This year is bidding to be the year of the budget smartphone, heralding a shift in the balance of power in the global mobile telephony sector.
The Mobile World Congress in Barcelona has plenty of devices costing less than 200 euros (265 dollars), and there are said to be smartphones using the new Firefox operating system put out by
internet browser specialist Mozilla for just 100 euros.
Apart from revolutionizing the entire mobile market for manufacturers, prices at this level would open up mobile internet to billions of new users.
Smartphones have a market share of just 17 per cent - meaning that fewer than one in five mobile users have one, Cesar Alierta, CEO of Spain's Telefonica said in Barcelona. And this figure reveals a glaring divide between rich and poor.
In Western Europe a third of all mobiles are smartphones, whereas this drops off sharply in the developing world to just 6 per cent. But this is about to change.
Market analysts are now predicting that by 2015 a third of the global population will be using a phone capable of accessing the internet. This implies that most of the growth will come from China,
Latin America and Africa.
It is estimated for example that smartphone take-up in South America could triple from its current level of 14 per cent. China's largest mobile phone operator China Mobile saw data traffic almost triple last year.

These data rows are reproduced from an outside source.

(* For $k\in\mathbb{N}$, the formula $\mathsf{F}^{|k\rangle}(X\times\Theta)=\sum_{m,n=0}^\infty\frac{1}{2\pi}\int_{X\times\Theta}e^{i\theta(m-n)}L_{\min\{m,k\}}(r^2)L_{\min\{n,k\}}(r^2)e^{-r^2}\,d(r^2)\,d\theta\,|m\rangle\langle n|$ defines a phase shift covariant phase space observable whose angle margin is the covariant phase observable $\mathsf{F}^{|k\rangle}(\mathbb{R}_+\times\Theta)=\sum_{m,n}c_{mn}\frac{1}{2\pi}\int_\Theta e^{i\theta(m-n)}d\theta\,|m\rangle\langle n|$ with phase matrix $c_{mn}=\delta_{\min\{m,k\},\min\{n,k\}}$. In particular the angle margin of $\mathsf{F}^{|0\rangle}$ is the canonical phase $\mathsf{E}_{\mathrm{can}}$. Its radial margin is $\mathsf{F}^{|k\rangle}(X\times[0,2\pi))=\sum_{m=0}^{k}c_{mm}(X)|m\rangle\langle m|+c_{kk}(X)\sum_{m=k+1}^\infty|m\rangle\langle m|$, where $c_{mm}(X)=\int_X L_m(r^2)^2e^{-r^2}d(r^2)$.
   Context: $\mathcal{H}\simeq L^2(\mathbb{R})$ with number basis $\{|n\rangle\}$ and number operator $N$. $L_j$ denotes the $j$-th Laguerre polynomial. $\mathbb{C}\simeq\mathbb{R}_+\times[0,2\pi)$ via polar coordinates $re^{i\theta}$, $X\times\Theta=\{re^{i\theta}:r\in X,\theta\in\Theta\}$, and $d(r^2)=2r\,dr$. A phase shift covariant phase space observable is a POVM $\mathsf{P}$ on $\mathcal{B}(\mathbb{C})$ with $e^{i\theta N}\mathsf{P}(X\times\Theta)e^{-i\theta N}=\mathsf{P}(X\times(\Theta\dot{+}\theta))$ ($\dot{+}$ addition mod $2\pi$). The canonical phase is $\mathsf{E}_{\mathrm{can}}(\Theta)=\sum_{m,n}\frac{1}{2\pi}\int_\Theta e^{i(m-n)\theta}d\theta\,|m\rangle\langle n|$. *)

theory Defs
  imports "HOL-Analysis.Analysis"
begin

definition laguerre :: "nat \<Rightarrow> real \<Rightarrow> real" where
  "laguerre j x = (\<Sum>i\<le>j. real (j choose i) * (-1) ^ i * x ^ i / fact i)"

text \<open>Operators on H = l2(N) are represented by their matrix elements
  A m n = <m|A|n> in the number basis.\<close>
definition psd_matrix :: "(nat \<Rightarrow> nat \<Rightarrow> complex) \<Rightarrow> bool" where
  "psd_matrix A \<longleftrightarrow> (\<forall>F c. finite F \<longrightarrow>
      (\<Sum>m\<in>F. \<Sum>n\<in>F. cnj (c m) * A m n * c n) \<in> \<real> \<and>
      0 \<le> Re (\<Sum>m\<in>F. \<Sum>n\<in>F. cnj (c m) * A m n * c n))"

definition povm :: "'a measure \<Rightarrow> ('a set \<Rightarrow> nat \<Rightarrow> nat \<Rightarrow> complex) \<Rightarrow> bool" where
  "povm M P \<longleftrightarrow>
     (\<forall>A \<in> sets M. psd_matrix (P A)) \<and>
     (\<forall>m n. P (space M) m n = (if m = n then 1 else 0)) \<and>
     (\<forall>B :: nat \<Rightarrow> 'a set. range B \<subseteq> sets M \<longrightarrow> disjoint_family B \<longrightarrow>
        (\<forall>m n. (\<lambda>i. P (B i) m n) sums P (\<Union>i. B i) m n))"

definition polar :: "real set \<Rightarrow> real set \<Rightarrow> complex set" where
  "polar X \<Theta> = {complex_of_real r * cis t | r t. r \<in> X \<and> t \<in> \<Theta>}"

definition shift_mod :: "real set \<Rightarrow> real \<Rightarrow> real set" where
  "shift_mod \<Theta> \<theta> = {t \<in> {0..<2*pi}. \<exists>s\<in>\<Theta>. \<exists>j::int. t = s + \<theta> + 2 * pi * of_int j}"

definition cov_phase_space_obs :: "(complex set \<Rightarrow> nat \<Rightarrow> nat \<Rightarrow> complex) \<Rightarrow> bool" where
  "cov_phase_space_obs P \<longleftrightarrow> povm (borel :: complex measure) P \<and>
     (\<forall>X \<Theta> \<theta> m n. X \<in> sets borel \<longrightarrow> X \<subseteq> {0..} \<longrightarrow>
        \<Theta> \<in> sets borel \<longrightarrow> \<Theta> \<subseteq> {0..<2*pi} \<longrightarrow>
        P (polar X (shift_mod \<Theta> \<theta>)) m n
          = cis (\<theta> * of_int (int m - int n)) * P (polar X \<Theta>) m n)"

definition cov_phase_obs :: "(real set \<Rightarrow> nat \<Rightarrow> nat \<Rightarrow> complex) \<Rightarrow> bool" where
  "cov_phase_obs E \<longleftrightarrow> povm (restrict_space borel {0..<2*pi}) E \<and>
     (\<forall>\<Theta> \<theta> m n. \<Theta> \<in> sets borel \<longrightarrow> \<Theta> \<subseteq> {0..<2*pi} \<longrightarrow>
        E (shift_mod \<Theta> \<theta>) m n = cis (\<theta> * of_int (int m - int n)) * E \<Theta> m n)"

definition E_can :: "real set \<Rightarrow> nat \<Rightarrow> nat \<Rightarrow> complex" where
  "E_can \<Theta> m n = complex_of_real (1 / (2*pi)) *
     (LINT t:\<Theta>|lborel. cis (of_int (int m - int n) * t))"

text \<open>The observable F^{|k>}, with the integral over Z taken in polar coordinates
  (r,theta), r >= 0, 0 <= theta < 2 pi, against d(r^2) d theta = 2 r dr d theta.\<close>
definition Fk :: "nat \<Rightarrow> complex set \<Rightarrow> nat \<Rightarrow> nat \<Rightarrow> complex" where
  "Fk k Z m n = complex_of_real (1 / (2*pi)) *
     (LINT p:{p :: real \<times> real. 0 \<le> fst p \<and> 0 \<le> snd p \<and> snd p < 2*pi \<and>
                complex_of_real (fst p) * cis (snd p) \<in> Z}|lborel.
        cis (snd p * of_int (int m - int n)) *
        complex_of_real (laguerre (min m k) ((fst p)^2) * laguerre (min n k) ((fst p)^2)
                          * exp (- ((fst p)^2)) * (2 * fst p)))"

definition cdiag :: "nat \<Rightarrow> real set \<Rightarrow> real" where
  "cdiag m X = (LINT r:X|lborel. (laguerre m (r^2))^2 * exp (- (r^2)) * (2 * r))"
theorem mainTheorem2:
  fixes T :: real and h :: "real \<Rightarrow> real"
    and U :: "(real \<Rightarrow> real) \<Rightarrow> real \<Rightarrow> real \<Rightarrow> real"
    and sstar s :: "real \<Rightarrow> real"
  assumes "T > 0"
    and "continuous_on {0..T} h" and "\<forall>t\<in>{0..T}. h t > 0"
    and "\<forall>r. boundary_fn T r \<longrightarrow> neumann_sol T h r (U r)"
    and "boundary_fn T sstar"
    and "\<forall>t\<in>{0..T}. nbu h U sstar t = sstar t"
    and "boundary_fn T s"
  shows "((\<forall>t\<in>{0..T}. s t \<le> sstar t) \<longrightarrow>
           (\<forall>t\<in>{0..T}.
              s t - sstar t \<le> (s t - sstar t) / 2 \<and>
              (s t - sstar t) / 2 \<le> ((1/2) * nbu h U s t + (1/2) * s t) - sstar t \<and>
              ((1/2) * nbu h U s t + (1/2) * s t) - sstar t \<le> (nbu h U s t - sstar t) / 2 \<and>
              (nbu h U s t - sstar t) / 2 \<le> nbu h U s t - sstar t))
       \<and> ((\<forall>t\<in>{0..T}. s t \<ge> sstar t) \<longrightarrow>
           (\<forall>t\<in>{0..T}.
              s t - sstar t \<ge> (s t - sstar t) / 2 \<and>
              (s t - sstar t) / 2 \<ge> ((1/2) * nbu h U s t + (1/2) * s t) - sstar t \<and>
              ((1/2) * nbu h U s t + (1/2) * s t) - sstar t \<ge> (nbu h U s t - sstar t) / 2 \<and>
              (nbu h U s t - sstar t) / 2 \<ge> nbu h U s t - sstar t))"
proof -
  have hpos: "\<forall>t\<in>{0<..T}. 0 < h t" using assms(3) by auto
  have sol_s: "neumann_sol T h s (U s)" and sol_star: "neumann_sol T h sstar (U sstar)"
    using assms(4,5,7) by auto
  have le_case: "s t \<le> sstar t \<and> sstar t \<le> nbu h U s t"
    if "\<forall>t\<in>{0..T}. s t \<le> sstar t" "t \<in> {0..T}" for t
    using nbu_antimono[OF hpos sol_s assms(7) sol_star assms(5)] that assms(6) by auto
  have ge_case: "sstar t \<le> s t \<and> nbu h U s t \<le> sstar t"
    if "\<forall>t\<in>{0..T}. sstar t \<le> s t" "t \<in> {0..T}" for t
    using nbu_antimono[OF hpos sol_star assms(5) sol_s assms(7)] that assms(6) by auto
  show ?thesis
    by (intro conjI impI ballI; (drule (1) le_case | drule (1) ge_case); argo)
qed

end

Phones that are relatively inexpensive are particularly successful in these markets. For this reason the first budget price Firefox smartphones are hitting the market in Latin America.
The Mozilla system means that the hardware requirements are not particularly high, and the costs are correspondingly low.

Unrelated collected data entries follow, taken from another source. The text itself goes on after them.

lemma nn_integral_gaussU_haar_O3_act_transpose:
  fixes f :: "real^3^3 \<Rightarrow> ('n::finite, 'd::finite) pt \<Rightarrow> ennreal"
  assumes H: "is_haar_O3 lam" and f [measurable]: "(\<lambda>(R, e). f R e) \<in> borel_measurable (borel \<Otimes>\<^sub>M borel)"
  shows "(\<integral>\<^sup>+e. \<integral>\<^sup>+R. f (transpose R) (act (transpose R) e) \<partial>lam \<partial>gaussU)
       = (\<integral>\<^sup>+e. \<integral>\<^sup>+R. f R e \<partial>lam \<partial>gaussU)"
proof -
  interpret lam: prob_space lam
    using H by (simp add: is_haar_O3_def)
  interpret gaussU: prob_space gaussU
    by (rule prob_space_gaussU)
  have sets_lam: "sets lam = sets borel"
    using H by (simp add: is_haar_O3_def)
  have fubini: "(\<integral>\<^sup>+e. \<integral>\<^sup>+R. g R e \<partial>lam \<partial>gaussU) = (\<integral>\<^sup>+R. \<integral>\<^sup>+e. g R e \<partial>gaussU \<partial>lam)"
    if "(\<lambda>(e, R). g R e) \<in> borel_measurable (borel \<Otimes>\<^sub>M borel)"
    for g :: "real^3^3 \<Rightarrow> ('n, 'd) pt \<Rightarrow> ennreal"
    using that
    by (intro nn_integral_fubini_borel)
       (simp_all add: lam.sigma_finite_measure_axioms gaussU.sigma_finite_measure_axioms sets_lam
         sets_gaussU)
  have "(\<integral>\<^sup>+e. \<integral>\<^sup>+R. f (transpose R) (act (transpose R) e) \<partial>lam \<partial>gaussU)
      = (\<integral>\<^sup>+R. \<integral>\<^sup>+e. f (transpose R) (act (transpose R) e) \<partial>gaussU \<partial>lam)"
    by (rule fubini) measurable
  also have "\<dots> = (\<integral>\<^sup>+R. \<integral>\<^sup>+e. f (transpose R) e \<partial>gaussU \<partial>lam)"
    using AE_haar_O3[OF H]
  proof (intro nn_integral_cong_AE, eventually_elim)
    case (elim R)
    have "(\<integral>\<^sup>+e. f (transpose R) (act (transpose R) e) \<partial>gaussU)
        = (\<integral>\<^sup>+e. f (transpose R) e \<partial>distr gaussU borel (act (transpose R)))"
      by (rule nn_integral_distr[symmetric]) measurable
    then show ?case
      by (simp add: gaussU_distr_act O3_transpose elim)
  qed
  also have "\<dots> = (\<integral>\<^sup>+R. \<integral>\<^sup>+e. f R e \<partial>gaussU \<partial>lam)"
    by (rule nn_integral_haar_O3_transpose[OF H]) measurable
  also have "\<dots> = (\<integral>\<^sup>+e. \<integral>\<^sup>+R. f R e \<partial>lam \<partial>gaussU)"
    by (rule fubini[symmetric]) measurable
  finally show ?thesis .
qed

lemma loss_t_integrand_eq_loss_aug_integrand:
  fixes z0 :: "('n::finite, 'd::finite) pt"
    and epsth :: "('n, 'd) pt \<Rightarrow> ('n, 'd) pt"
  assumes H: "is_haar_O3 lam" and [measurable]: "epsth \<in> borel_measurable borel"
    and gam: "\<forall>z\<in>Uspace. gam z = lam" and z0: "z0 \<in> Uspace"
  shows "(\<integral>\<^sup>+ e. (let zt = a *\<^sub>R z0 + s *\<^sub>R e in
        \<integral>\<^sup>+ R. ennreal (1/2 * w * (norm (e - act R (epsth (act (transpose R) zt))))\<^sup>2) \<partial>gam zt) \<partial>gaussU)
     = (\<integral>\<^sup>+ e. \<integral>\<^sup>+ R. ennreal (1/2 * w * (norm (e - epsth (a *\<^sub>R act R z0 + s *\<^sub>R e)))\<^sup>2) \<partial>lam \<partial>gaussU)"
    (is "?L = (\<integral>\<^sup>+ e. \<integral>\<^sup>+ R. ?G R e \<partial>lam \<partial>gaussU)")
proof -
  have "?L = (\<integral>\<^sup>+e. \<integral>\<^sup>+R. ?G (transpose R) (act (transpose R) e) \<partial>lam \<partial>gaussU)"
  proof (intro nn_integral_cong_AE, use AE_gaussU_Uspace in eventually_elim)
    case (elim e)
    have "a *\<^sub>R z0 + s *\<^sub>R e \<in> Uspace"
      by (intro subspace_add subspace_scale subspace_Uspace z0 elim)
    then have "gam (a *\<^sub>R z0 + s *\<^sub>R e) = lam"
      using gam by simp
    moreover have "AE R in lam.
        ennreal (1/2 * w * (norm (e - act R (epsth (act (transpose R) (a *\<^sub>R z0 + s *\<^sub>R e)))))\<^sup>2)
        = ?G (transpose R) (act (transpose R) e)"
      using AE_haar_O3[OF H]
      by eventually_elim (simp add: norm_diff_act linear_add[OF linear_act] linear_scale[OF linear_act])
    ultimately show ?case
      by (simp add: nn_integral_cong_AE)
  qed
  also have "\<dots> = (\<integral>\<^sup>+ e. \<integral>\<^sup>+ R. ?G R e \<partial>lam \<partial>gaussU)"
    by (rule nn_integral_gaussU_haar_O3_act_transpose[OF H]) measurable
  finally show ?thesis .
qed

theorem proposition2:
  fixes q :: "('n::finite, 'd::finite) pt measure"
    and epsth :: "('n, 'd) pt \<Rightarrow> ('n, 'd) pt"
    and gam :: "('n, 'd) pt \<Rightarrow> (real^3^3) measure"
    and lam :: "(real^3^3) measure"
    and a s w :: real
  assumes "is_haar_O3 lam"
    and "prob_space q" and "sets q = sets borel" and "emeasure q Uspace = 1"
    and "a > 0" and "s > 0" and "w \<ge> 0"
    and "epsth \<in> borel_measurable borel" and "\<forall>z\<in>Uspace. epsth z \<in> Uspace"
    and "gam \<in> borel \<rightarrow>\<^sub>M subprob_algebra borel"
    and "\<forall>z. prob_space (gam z)"
    and "\<forall>z\<in>Uspace. gam z = lam"
  shows "loss_t q a s w epsth gam = loss_aug q a s w epsth lam"
proof -
  have AE_Uspace: "AE z0 in q. z0 \<in> Uspace"
    using assms(2,4) by (simp add: prob_space.AE_prob_1 measure_def)
  show ?thesis
    unfolding loss_t_def loss_aug_def
    by (intro nn_integral_cong_AE)
       (use AE_Uspace in eventually_elim, erule loss_t_integrand_eq_loss_aug_integrand[OF assms(1,8,12)])
qed

end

For Nokia the initial target market for the new low-price smartphones from its Lumia range is Asia - a long way from its Finnish base.

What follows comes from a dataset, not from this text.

(* Consider the Adaptive Group Lasso degrees-of-freedom estimate $\widehat{df}_\gamma=\mathrm{trace}[(\mathbf I_n+\gamma\mathbf B)^{-1}(\mathbf A-\gamma\mathbf C)]$ (with $\mathbf A,\mathbf B,\mathbf C$ as defined below) for the estimator $\widehat{\boldsymbol\beta}=\arg\min_{\boldsymbol\beta}\tfrac12\|\mathbf y-\mathbf X\boldsymbol\beta\|_2^2+\gamma\sum_g w_g\|\boldsymbol\beta_g\|_2$, $\gamma\in(\gamma_l,\gamma_{l+1})$. Then: (i) if $n_g=1$ for all groups, $\widehat{df}_\gamma$ reduces to the Adaptive Lasso estimate $|\mathcal A|-\gamma\sum_{j\in\mathcal A}\mathrm{sgn}(\widehat\beta_j)\mathrm{sgn}(\widehat\beta^{\mathsf{LS}}_j)\frac{\partial w_j(z)}{\partial z}\big|_{z=\widehat\beta^{\mathsf{LS}}_j}[(\mathbf X_{\mathcal A}^\top\mathbf X_{\mathcal A})^{-1}]_{\pi(j),\pi(j)}$; (ii) if the weights $w_g$ do not depend on $\mathbf y$, then $\mathbf C=\mathbf 0$ and $\widehat{df}_\gamma$ reduces to the Group Lasso estimate $\mathrm{trace}[(\mathbf I_n+\gamma\mathbf B)^{-1}\mathbf A]$; (iii) if both conditions hold, $\widehat{df}_\gamma=|\mathcal A|$ (the Lasso result).
   Context: Linear model $\mathbf y=\mathbf X\boldsymbol\beta+\boldsymbol\epsilon$, $\widehat{\boldsymbol\beta}^{\mathsf{LS}}=(\mathbf X^\top\mathbf X)^{-1}\mathbf X^\top\mathbf y$; coefficients partitioned into $G$ groups of cardinalities $n_g$; weights $w_g=w_g(\|\widehat{\boldsymbol\beta}^{\mathsf{LS}}_g\|_2)$ with differentiable $w_g$ (derivative $w_g'$). $\mathcal A=\mathcal A_p=\{j:\widehat\beta_j\ne0\}$, $\mathcal A_G=\{g:\|\widehat{\boldsymbol\beta}_g\|_2\ne0\}$; $\mathbf X_{\mathcal A_G}$ the columns of active groups (with invertible Gram matrix), $\mathbf M=\mathbf X_{\mathcal A_G}(\mathbf X_{\mathcal A_G}^\top\mathbf X_{\mathcal A_G})^{-1}$; $\pi(j)$ the position of $j$ in $\mathcal A$. $\boldsymbol\Pi_{\mathcal A_G}=\mathrm{blockdiag}_{g\in\mathcal A_G}\big(w_g[\mathbf I_{n_g}/\|\widehat{\boldsymbol\beta}_g\|_2-\widehat{\boldsymbol\beta}_g\widehat{\boldsymbol\beta}_g^\top/\|\widehat{\boldsymbol\beta}_g\|_2^3]\big)$, $\boldsymbol\Phi_{\mathcal A_G}=\mathrm{blockdiag}_{g\in\mathcal A_G}\big(\frac{\widehat{\boldsymbol\beta}_g}{\|\widehat{\boldsymbol\beta}_g\|_2}w_g'(\|\widehat{\boldsymbol\beta}^{\mathsf{LS}}_g\|_2)\frac{(\widehat{\boldsymbol\beta}^{\mathsf{LS}}_g)^\top}{\|\widehat{\boldsymbol\beta}^{\mathsf{LS}}_g\|_2}\big)$; $\mathbf A=\mathbf M\mathbf X_{\mathcal A_G}^\top$, $\mathbf B=\mathbf M\boldsymbol\Pi_{\mathcal A_G}\mathbf M^\top$, $\mathbf C=\mathbf M\boldsymbol\Phi_{\mathcal A_G}\mathbf M^\top$ (for $\mathbf X^\top\mathbf X=\mathbf I_p$, $\mathbf M=\mathbf X_{\mathcal A_G}$). When $n_g=1$ the group index coincides with the variable index $j$ and $w_j(z)$ is the weight function of variable $j$. Transition points are the values of $\gamma>0$ at which the active set changes. *)

theory Defs
  imports Complex_Main "Jordan_Normal_Form.DL_Submatrix" "Jordan_Normal_Form.Gauss_Jordan_Elimination"
begin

Nevertheless Nokia does have a price list for Europe. The cheapest model, the Lumia 520, is listed at 199 euros in Germany, including levies.
By comparison, Apple's cheapest iPhone costs 399 euros, while the top of the range, the iPhone 5, is listed at 679 euros and upwards.
The question is whether providers like Apple will now be compelled to lower their prices.
They will certainly be under increasing pressure in the view of Nikolaus Mohr from business consultants Accenture. "The advantage that providers like Apple had a year ago is gone," Mohr says.
He notes that brand loyalty in this market is low, "with the exception of Apple."
Annette Zimmermann of US IT research and consultant company Gartner also believes the iPhone maker remains in a class of its own.
"If Apple does indeed bring out a cheaper smartphone - as is being speculated - they will definitely link it to new services or offers that ensure new revenue flows," she said.
"They still enjoy the highest margins. Why should they cut their own throats?" Zimmermann asked.
In any case, consumers have shown that they are prepared to spend money on mobile communications even in times of economic crisis.
Vodafone CEO Vittorio Colao noted in Barcelona that he had said previously people would rather give up alcohol, cigarettes, sex and chocolate than their mobile phone.
And in fact there has been limited negative impact on this market from the economic situation.
New providers like Huawei, which have carved out their strong market positions with "bread-and-butter" smartphones, are now staking out a bigger claim at the upper end of the market.
And the change is evident. A few years back Huawei and ZTE operated from containers and tents at the Mobile World Congress.
They are now housed in huge stands on the new congress site, right alongside traditional names like Samsung and Nokia.